The value of the local_nE decreases for those node connections that involve at least one gene that is not expressed in that condition, reflecting the fact that the interactions cannot take place (Eq. 1, cases 2 and 3). In these situations, the local_nE achieves its minimum values indicating network stability.

The local_nE function measures the stability of a single protein or node \(i\) in function of its neighborhood, i.e. only with respect to the directly interacting partners and not within the entire network.
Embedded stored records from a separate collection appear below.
lemma cpx_numeral [simp]: "cre (numeral k) = numeral k" "cim (numeral k) = 0"
  by (induct k) (simp_all only: numeral.simps cpx_simps, simp_all)

instantiation cpx :: (linordered_field) field
begin
definition "inverse z = Cpx (cre z / (cre z * cre z + cim z * cim z)) (- cim z / (cre z * cre z + cim z * cim z))"
definition "z div (w::'a cpx) = z * inverse w"
instance
proof
  fix z :: "'a cpx"
  assume "z \<noteq> 0"
  then have "cre z \<noteq> 0 \<or> cim z \<noteq> 0" by (auto simp: cpx_eq_iff)
  then have "cre z * cre z + cim z * cim z \<noteq> 0"
    by (simp add: sum_squares_eq_zero_iff)
  moreover have "cre z / N * cre z + cim z / N * cim z = (cre z * cre z + cim z * cim z) / N" for N
    by (simp add: add_divide_distrib)
  ultimately show "inverse z * z = 1"
    by (simp add: cpx_eq_iff inverse_cpx_def)
next
  show "inverse (0::'a cpx) = 0" by (simp add: inverse_cpx_def cpx_eq_iff)
qed (simp add: divide_cpx_def)
end

definition ofR :: "'a::comm_ring_1 \<Rightarrow> 'a cpx" where "ofR r = Cpx r 0"
definition ii :: "'a::comm_ring_1 cpx" where "ii = Cpx 0 1"
definition cnj :: "'a::comm_ring_1 cpx \<Rightarrow> 'a cpx" where "cnj z = Cpx (cre z) (- cim z)"

lemma cpx_const_simps [simp]:
  "cre (ofR r) = r" "cim (ofR r) = 0" "cre ii = 0" "cim ii = 1"
  "cre (cnj z) = cre z" "cim (cnj z) = - cim z"
  by (simp_all add: ofR_def ii_def cnj_def)

lemma ofR_simps [simp]:
  "ofR 0 = 0" "ofR 1 = 1" "ofR (a + b) = ofR a + ofR b" "ofR (a - b) = ofR a - ofR b"
  "ofR (- a) = - ofR a" "ofR (a * b) = ofR a * ofR b"
  "ofR a = ofR b \<longleftrightarrow> a = b" "ofR a = 0 \<longleftrightarrow> a = 0"
  by (simp_all add: cpx_eq_iff)

lemma ii_neq_0 [simp]: "(ii :: 'a::comm_ring_1 cpx) \<noteq> 0"
  by (simp add: cpx_eq_iff)

lemma ii_ii_mult [simp]: "ii * ii = (-1 :: 'a::comm_ring_1 cpx)" "ii * (ii * z) = - (z :: 'a cpx)"
  by (simp_all add: cpx_eq_iff)

lemma minus_ii_power: "(- ii :: 'a::comm_ring_1 cpx) ^ n = ii ^ (3 * n)"
proof -
  have "(- ii :: 'a cpx) = ii ^ 3" by (simp add: cpx_eq_iff numeral_3_eq_3)
  then show ?thesis by (simp add: power_mult)
qed

interpretation ofR: comm_ring_hom "ofR :: 'a::comm_ring_1 \<Rightarrow> 'a cpx"
  by unfold_locales (simp_all add: cpx_eq_iff)

interpretation ofR_poly: map_poly_comm_ring_hom "ofR :: 'a::comm_ring_1 \<Rightarrow> 'a cpx" ..
context
  fixes TB :: nat and Z X :: game
  assumes options_X: "\<And>x. x |\<in>| lopts X |\<union>| ropts X \<Longrightarrow> lwins_le TB (plus_game Z x) x"
    and lopts_Z: "\<And>z. z |\<in>| lopts Z \<Longrightarrow> lwins_lt TB (plus_game z X) X"
begin

lemma rmoves_win_plus_dual: "rmoves_win TB (plus_game Z X) q m \<Longrightarrow> rmoves_win TB X q m"
  using options_X unfolding rmoves_win_def lwins_le_def by (force simp: ropts_plus_game)

lemma lmove_wins_plus_dual:
  assumes "lmove_wins TB (plus_game Z X) q m'" "\<not> lwins TB X q m" "\<not> m \<Longrightarrow> \<not> m'"
  shows "lmove_wins TB X q m'"
proof -
  obtain w where w: "w |\<in>| lopts (plus_game Z X)" "lwins TB w q m'"
    using assms(1) unfolding lmove_wins_def by auto
  then consider (in_Z) z where "z |\<in>| lopts Z" "w = plus_game z X"
    | (in_X) x where "x |\<in>| lopts X" "w = plus_game Z x"
    by (auto simp: lopts_plus_game)
  then show ?thesis
  proof cases
    case in_Z
    then have "lwins TB X q m"
      using lopts_Z[OF in_Z(1)] w(2) assms(3) unfolding lwins_lt_def lwins_le_def
      by (cases m; cases m') auto
    with assms(2) show ?thesis ..
  next
    case in_X
    then show ?thesis
      using options_X[of x] w(2) unfolding lmove_wins_def lwins_le_def by auto
  qed
qed

lemma lwins_le_plus_dual: "lwins_le TB (plus_game Z X) X"
  unfolding lwins_le_def
proof (intro allI impI)
  fix p m assume W: "lwins TB (plus_game Z X) p m"
  show "lwins TB X p m"
  proof (rule ccontr)
    assume X: "\<not> lwins TB X p m"
    have "lwins TB X p m"
      using W
    proof (rule lwins_transfer)
      show "lmove_wins TB X q m'"
        if "q \<le> p" "\<not> m \<Longrightarrow> \<not> m'" "lmove_wins TB (plus_game Z X) q m'" for q m'
        using that X lwins_budget_mono lmove_wins_plus_dual by blast
    qed (rule rmoves_win_plus_dual)
    with X show False ..
  qed
qed

lemma lwins_lt_plus_dual:
  assumes z: "z |\<in>| ropts Z" "lwins_le TB (plus_game z X) X"
  shows "lwins_lt TB (plus_game Z X) X"
proof -
  have "lwins TB X q True" if W: "lwins TB (plus_game Z X) q False" for q
  proof (rule ccontr)
    assume X: "\<not> lwins TB X q True"
    obtain l where l: "l \<le> q" and round: "\<forall>r\<le>TB - q. round_won TB (plus_game Z X) q False l r"
      using W unfolding lwins_iff_round_won by blast
    have "\<not> lwins TB X (q - l) True"
      using X lwins_budget_mono[of TB X "q - l" True q] by auto
    then have "lmove_wins TB (plus_game Z X) (q - l) False \<Longrightarrow> lmove_wins TB X (q - l) False"
      using lmove_wins_plus_dual by blast
    moreover have "l \<noteq> 0"
    proof
      assume "l = 0"
      then have "rmoves_win TB (plus_game Z X) q True"
        using round unfolding round_won_def by auto
      moreover have "plus_game z X |\<in>| ropts (plus_game Z X)"
        using z(1) by (simp add: ropts_plus_game)
      ultimately have "lwins TB X q True"
        using z(2) unfolding rmoves_win_def lwins_le_def by auto
      with X show False ..
    qed
    ultimately have "lwins TB X q True"
      using lwins_with_marker[OF l round] rmoves_win_plus_dual by blast
    with X show False ..
  qed
  then show ?thesis
    using lwins_le_plus_dual unfolding lwins_lt_def by blast
qed

end

section \<open>Differences of numbers\<close>

lemma ropt_nonneg_difference:
  assumes z: "z |\<in>| ropts (minus_game H G)"
    and G: "conv_number G" and H: "conv_number H" and GH: "conv_le G H"
  obtains G' H' where "z = minus_game H' G'" "conv_number G'" "conv_number H'" "conv_lt G' H'"
    "size G' + size H' < size G + size H"
proof -
  from z consider (in_H) h where "h |\<in>| ropts H" "z = minus_game h G"
    | (in_G) g where "g |\<in>| lopts G" "z = minus_game H g"
    by (auto simp: ropts_plus_game ropts_conj_game)
  then show ?thesis
  proof cases
    case in_H
    with H have "conv_number h" "conv_lt H h"
      using conv_number_ropt by auto
    with GH have "conv_lt G h"
      unfolding conv_lt_def using conv_le_trans by blast
    with in_H G \<open>conv_number h\<close> show ?thesis
      using size_ropts that by fastforce
  next
    case in_G
    with G have "conv_number g" "conv_lt g G"
      using conv_number_lopt by auto
    with GH have "conv_lt g H"
      unfolding conv_lt_def using conv_le_trans by blast
    with in_G H \<open>conv_number g\<close> show ?thesis
      using size_lopts that by fastforce
  qed
qed

lemma lopt_nonpos_difference:
  assumes z: "z |\<in>| lopts (minus_game G H)"
    and G: "conv_number G" and H: "conv_number H" and GH: "conv_le G H"
  obtains G' H' where "z = minus_game G' H'" "conv_number G'" "conv_number H'" "conv_lt G' H'"
    "size G' + size H' < size G + size H"
proof -
  from z consider (in_G) g where "g |\<in>| lopts G" "z = minus_game g H"
    | (in_H) h where "h |\<in>| ropts H" "z = minus_game G h"
    by (auto simp: lopts_plus_game lopts_conj_game)
  then show ?thesis
  proof cases
    case in_G
    with G have "conv_number g" "conv_lt g G"
      using conv_number_lopt by auto
    with GH have "conv_lt g H"
      unfolding conv_lt_def using conv_le_trans by blast
    with in_G H \<open>conv_number g\<close> show ?thesis
      using size_lopts that by fastforce
  next
    case in_H
    with H have "conv_number h" "conv_lt H h"
      using conv_number_ropt by auto
    with GH have "conv_lt G h"
      unfolding conv_lt_def using conv_le_trans by blast
    with in_H G \<open>conv_number h\<close> show ?thesis
      using size_ropts that by fastforce
  qed
qed

lemma lopt_difference_if_not_conv_le:
  assumes "\<not> conv_le H G" and G: "conv_number G" and H: "conv_number H"
  obtains G' H' where "minus_game H' G' |\<in>| lopts (minus_game H G)"
    "conv_number G'" "conv_number H'" "conv_le G' H'" "size G' + size H' < size G + size H"
proof -
  from assms(1) consider (in_H) h where "h |\<in>| lopts H" "conv_le G h"
    | (in_G) g where "g |\<in>| ropts G" "conv_le g H"
    by (subst (asm) conv_le_iff) auto
  then show ?thesis
  proof cases
    case in_H
    then show ?thesis
      using that[of h G] G conv_number_lopt[OF H] size_lopts[of h H]
      by (auto simp: lopts_plus_game)
  next
    case in_G
    then show ?thesis
      using that[of H g] H conv_number_ropt[OF G] size_ropts[of g G]
      by (auto simp: lopts_plus_game lopts_conj_game)
  qed
qed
The global nE value (Eq. 3), and therefore the stability of the entire network, will be a consequence of the equilibrium between interactions among active (corresponding to the expressed genes) and inactive nodes (corresponding to non-expressed genes).
$$\begin{aligned} nE=\sum _i {local\_nE(i)} \end{aligned}$$
(3)

2.2.5 Computation of network robustness

To assess the robustness of the system, we analyzed how the network structure changes as nodes are removed in accordance with previously defined procedures (Iyer et al. 2013). Changes in the network structure are evaluated in terms of the size of the largest connected component of the network. Networks in which the largest component decreases faster than that of the original network are considered to be less robust to perturbations. Thus, nodes were removed in decreasing order of their local_nE scores (Eq. 2), removing the proteins (or nodes) with higher local_nE values first (i.e.: those with more active connections) and those with the lowest local_nE scores last (i.e.: those less connected to their neighbors) .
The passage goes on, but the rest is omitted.